[Saved data entries]
= Beginning of Section =

lemma subseq_tendsto_zero_if_frequently_small:
  fixes a :: "nat \<Rightarrow> 'a::real_normed_vector"
  assumes small: "\<And>e N. 0 < e \<Longrightarrow> \<exists>k\<ge>N. norm (a k) < e"
  shows "\<exists>K. strict_mono K \<and> (\<lambda>i. a (K i)) \<longlonglongrightarrow> 0"
proof -
  have "\<exists>K. \<forall>i. norm (a (K i)) < inverse (Suc i) \<and> K i < K (Suc i)"
  proof (rule dependent_nat_choice)
    show "\<exists>k. norm (a k) < inverse (Suc 0)"
      using small[of 1 0] by auto
    show "\<exists>k'. norm (a k') < inverse (Suc (Suc i)) \<and> k < k'" for k i
      using small[of "inverse (Suc (Suc i))" "Suc k"] by (auto simp del: of_nat_Suc)
  qed
  then obtain K where K: "\<And>i. norm (a (K i)) < inverse (Suc i)" "\<And>i. K i < K (Suc i)"
    by blast
  have "(\<lambda>i. a (K i)) \<longlonglongrightarrow> 0"
  proof (rule Lim_null_comparison)
    show "\<forall>\<^sub>F i in sequentially. norm (a (K i)) \<le> inverse (Suc i)"
      using K(1) by (simp add: less_imp_le)
  qed (rule LIMSEQ_inverse_real_of_nat)
  with K(2) show ?thesis
    by (auto simp: strict_mono_Suc_iff)
qed
lemma ell_eq_ratio_loglik:
  "ell n n0 lam \<pi> w = ratio_loglik n n0 \<pi> w - (\<Sum>i<n. ln (1 + lam * (w i - 1)))"
  by (simp add: ell_def ratio_loglik_def)

lemma ratio_loglik_scale_deriv:
  assumes w_pos: "\<And>i. 0 < w i" and "0 \<le> \<pi>" "\<pi> \<le> 1"
  shows "((\<lambda>t. ratio_loglik n n0 \<pi> (\<lambda>i. exp t * w i)) has_field_derivative
      real n0 + (\<Sum>i\<in>{n0..<n}. \<pi> * w i / (\<pi> * w i + (1 - \<pi>)))) (at 0)"
proof -
  have E_pos: "0 < \<pi> * w i + (1 - \<pi>)" for i
    using w_pos[of i] assms(2,3) by (cases "\<pi> = 0") (auto intro: add_pos_nonneg)
  have "((\<lambda>t. \<Sum>i<n0. ln (exp t * w i)) has_field_derivative (\<Sum>i<n0. 1)) (at 0)"
    by (intro DERIV_sum) (auto intro!: derivative_eq_intros simp: w_pos less_imp_neq[symmetric])
  moreover have "((\<lambda>t. \<Sum>i\<in>{n0..<n}. ln (\<pi> * (exp t * w i) + (1 - \<pi>))) has_field_derivative
      (\<Sum>i\<in>{n0..<n}. \<pi> * w i / (\<pi> * w i + (1 - \<pi>)))) (at 0)"
    by (intro DERIV_sum) (auto intro!: derivative_eq_intros simp: E_pos)
  ultimately show ?thesis
    unfolding ratio_loglik_def by (auto intro: derivative_eq_intros)
qed

lemma lagrange_eq_of_ell_max_scaling:
  fixes w :: "nat \<Rightarrow> real"
  assumes w_pos: "\<And>i. 0 < w i" and ok: "lagrange_ok n w l0" and nondeg: "\<exists>i<n. w i \<noteq> 1"
    and "0 \<le> \<pi>" "\<pi> \<le> 1"
    and max: "\<And>t. lagrange_ok n (\<lambda>i. exp t * w i) (lagrange_mult n (\<lambda>i. exp t * w i)) \<Longrightarrow>
      ell n n0 (lagrange_mult n (\<lambda>i. exp t * w i)) \<pi> (\<lambda>i. exp t * w i) \<le> ell n n0 l0 \<pi> w"
  shows "l0 * real n = real n0 + (\<Sum>i\<in>{n0..<n}. \<pi> * w i / (\<pi> * w i + (1 - \<pi>)))"
proof -
  obtain p where sum_p: "\<And>t. (\<Sum>i<n. p t i) = 1"
    and sum_pw: "\<And>t. (\<Sum>i<n. p t i * (exp t * w i)) = 1"
    and pos: "eventually (\<lambda>t. \<forall>i<n. 0 < p t i) (at 0)"
    and p0: "\<And>i. p 0 i = lagrange_weight n w l0 i"
    and deriv_p: "((\<lambda>t. \<Sum>i<n. ln (real n * p t i)) has_field_derivative - l0 * real n) (at 0)"
    using scaled_feasible_weights[OF ok nondeg] by blast
  define L where "L t = (\<Sum>i<n. ln (real n * p t i)) + ratio_loglik n n0 \<pi> (\<lambda>i. exp t * w i)" for t
  have "L 0 = ell n n0 l0 \<pi> w"
    using ok by (simp add: L_def p0 ln_lagrange_weight sum_negf ell_eq_ratio_loglik)
  have "eventually (\<lambda>t. lagrange_ok n (\<lambda>i. exp t * w i) (lagrange_mult n (\<lambda>i. exp t * w i))) (at 0)"
    by (rule eventually_lagrange_ok_lagrange_mult[OF ok nondeg]) (auto intro!: tendsto_eq_intros)
  then have "eventually (\<lambda>t. L t \<le> L 0) (at 0)"
    using pos
  proof eventually_elim
    case (elim t)
    let ?v = "\<lambda>i. exp t * w i"
    have "L t \<le> ratio_loglik n n0 \<pi> ?v - (\<Sum>i<n. ln (1 + lagrange_mult n ?v * (?v i - 1)))"
      using empirical_loglik_le_profile[OF _ elim(2) sum_p sum_pw] elim(1)
      by (simp add: L_def lagrange_ok_def)
    also have "\<dots> \<le> L 0"
      using max[OF elim(1)] \<open>L 0 = ell n n0 l0 \<pi> w\<close> by (simp add: ell_eq_ratio_loglik)
    finally show ?case .
  qed
  moreover have "(L has_field_derivative
      - l0 * real n + (real n0 + (\<Sum>i\<in>{n0..<n}. \<pi> * w i / (\<pi> * w i + (1 - \<pi>))))) (at 0)"
    unfolding L_def by (intro DERIV_add deriv_p ratio_loglik_scale_deriv w_pos assms(4,5))
  ultimately show ?thesis
    using has_field_derivative_local_max by fastforce
qed

lemma tilt_add: "tilt (\<alpha> + t) u y = exp t * tilt \<alpha> u y"
  by (simp add: tilt_def exp_add[symmetric] algebra_simps)

theorem proposition1:
  fixes n n0 :: nat
    and x :: "nat \<Rightarrow> ('p::finite \<Rightarrow> real)"
    and U :: "('p \<Rightarrow> real \<Rightarrow> real) set"
    and \<pi>h \<alpha>h :: real
    and uh :: "'p \<Rightarrow> real \<Rightarrow> real"
  assumes n0_pos: "0 < n0" and n0_lt: "n0 < n"
    and pi_h: "0 < \<pi>h" "\<pi>h < 1"
    and u_h: "uh \<in> U"
    and feas_h: "\<exists>lam. lagrange_ok n (\<lambda>i. tilt \<alpha>h uh (x i)) lam"
    and nondeg_h: "\<exists>i<n. tilt \<alpha>h uh (x i) \<noteq> 1"
    and max_h: "\<And>\<pi> \<alpha> u. 0 < \<pi> \<Longrightarrow> \<pi> < 1 \<Longrightarrow> u \<in> U \<Longrightarrow>
        (\<exists>lam. lagrange_ok n (\<lambda>i. tilt \<alpha> u (x i)) lam) \<Longrightarrow>
        ell n n0 (lagrange_mult n (\<lambda>i. tilt \<alpha> u (x i))) \<pi> (\<lambda>i. tilt \<alpha> u (x i))
          \<le> ell n n0 (lagrange_mult n (\<lambda>i. tilt \<alpha>h uh (x i))) \<pi>h (\<lambda>i. tilt \<alpha>h uh (x i))"
  shows "lagrange_mult n (\<lambda>i. tilt \<alpha>h uh (x i)) = (real n0 + real (n - n0) * \<pi>h) / real n"
proof -
  define w where "w = (\<lambda>i. tilt \<alpha>h uh (x i))"
  obtain l0 where ok: "lagrange_ok n w l0"
    using feas_h by (auto simp: w_def)
  have nondeg: "\<exists>i<n. w i \<noteq> 1"
    using nondeg_h by (simp add: w_def)
  have mult: "lagrange_mult n w = l0"
    by (rule lagrange_mult_eqI[OF ok nondeg])
  have w_pos: "0 < w i" for i
    by (simp add: w_def tilt_def)
  have "(\<Sum>i\<in>{n0..<n}. \<pi>h * w i / (\<pi>h * w i + (1 - \<pi>h))) = \<pi>h * real (n - n0)"
  proof (rule mixture_loglik_stationary[where A = "{n0..<n}", simplified])
    fix p :: real assume "0 < p" "p < 1"
    from max_h[OF this u_h, of \<alpha>h] feas_h
    show "(\<Sum>i\<in>{n0..<n}. ln (p * w i + (1 - p))) \<le> (\<Sum>i\<in>{n0..<n}. ln (\<pi>h * w i + (1 - \<pi>h)))"
      by (simp add: w_def[symmetric] mult ell_def)
  qed (use w_pos pi_h in auto)
  moreover have "l0 * real n = real n0 + (\<Sum>i\<in>{n0..<n}. \<pi>h * w i / (\<pi>h * w i + (1 - \<pi>h)))"
  proof (rule lagrange_eq_of_ell_max_scaling[OF w_pos ok nondeg])
    fix t assume "lagrange_ok n (\<lambda>i. exp t * w i) (lagrange_mult n (\<lambda>i. exp t * w i))"
    then show "ell n n0 (lagrange_mult n (\<lambda>i. exp t * w i)) \<pi>h (\<lambda>i. exp t * w i) \<le> ell n n0 l0 \<pi>h w"
      using max_h[OF pi_h u_h, of "\<alpha>h + t"] mult by (auto simp: tilt_add w_def)
  qed (use pi_h in auto)
  ultimately show ?thesis
    using mult n0_lt by (simp add: w_def[symmetric] field_simps)
qed

end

= End of Section =

• WHAT YOU HAVE TO DO
Please go over the data above and copy each line with "shows" in it.

• RESULT BELOW
  shows "\<exists>K. strict_mono K \<and> (\<lambda>i. a (K i)) \<longlonglongrightarrow> 0"
  shows "((\<lambda>t. ratio_loglik n n0 \<pi> (\<lambda>i. exp t * w i)) has_field_derivative
  shows "l0 * real n = real n0 + (\<Sum>i\<in>{n0..<n}. \<pi> * w i / (\<pi> * w i + (1 - \<pi>)))"
  shows "lagrange_mult n (\<lambda>i. tilt \<alpha>h uh (x i)) = (real n0 + real (n - n0) * \<pi>h) / real n"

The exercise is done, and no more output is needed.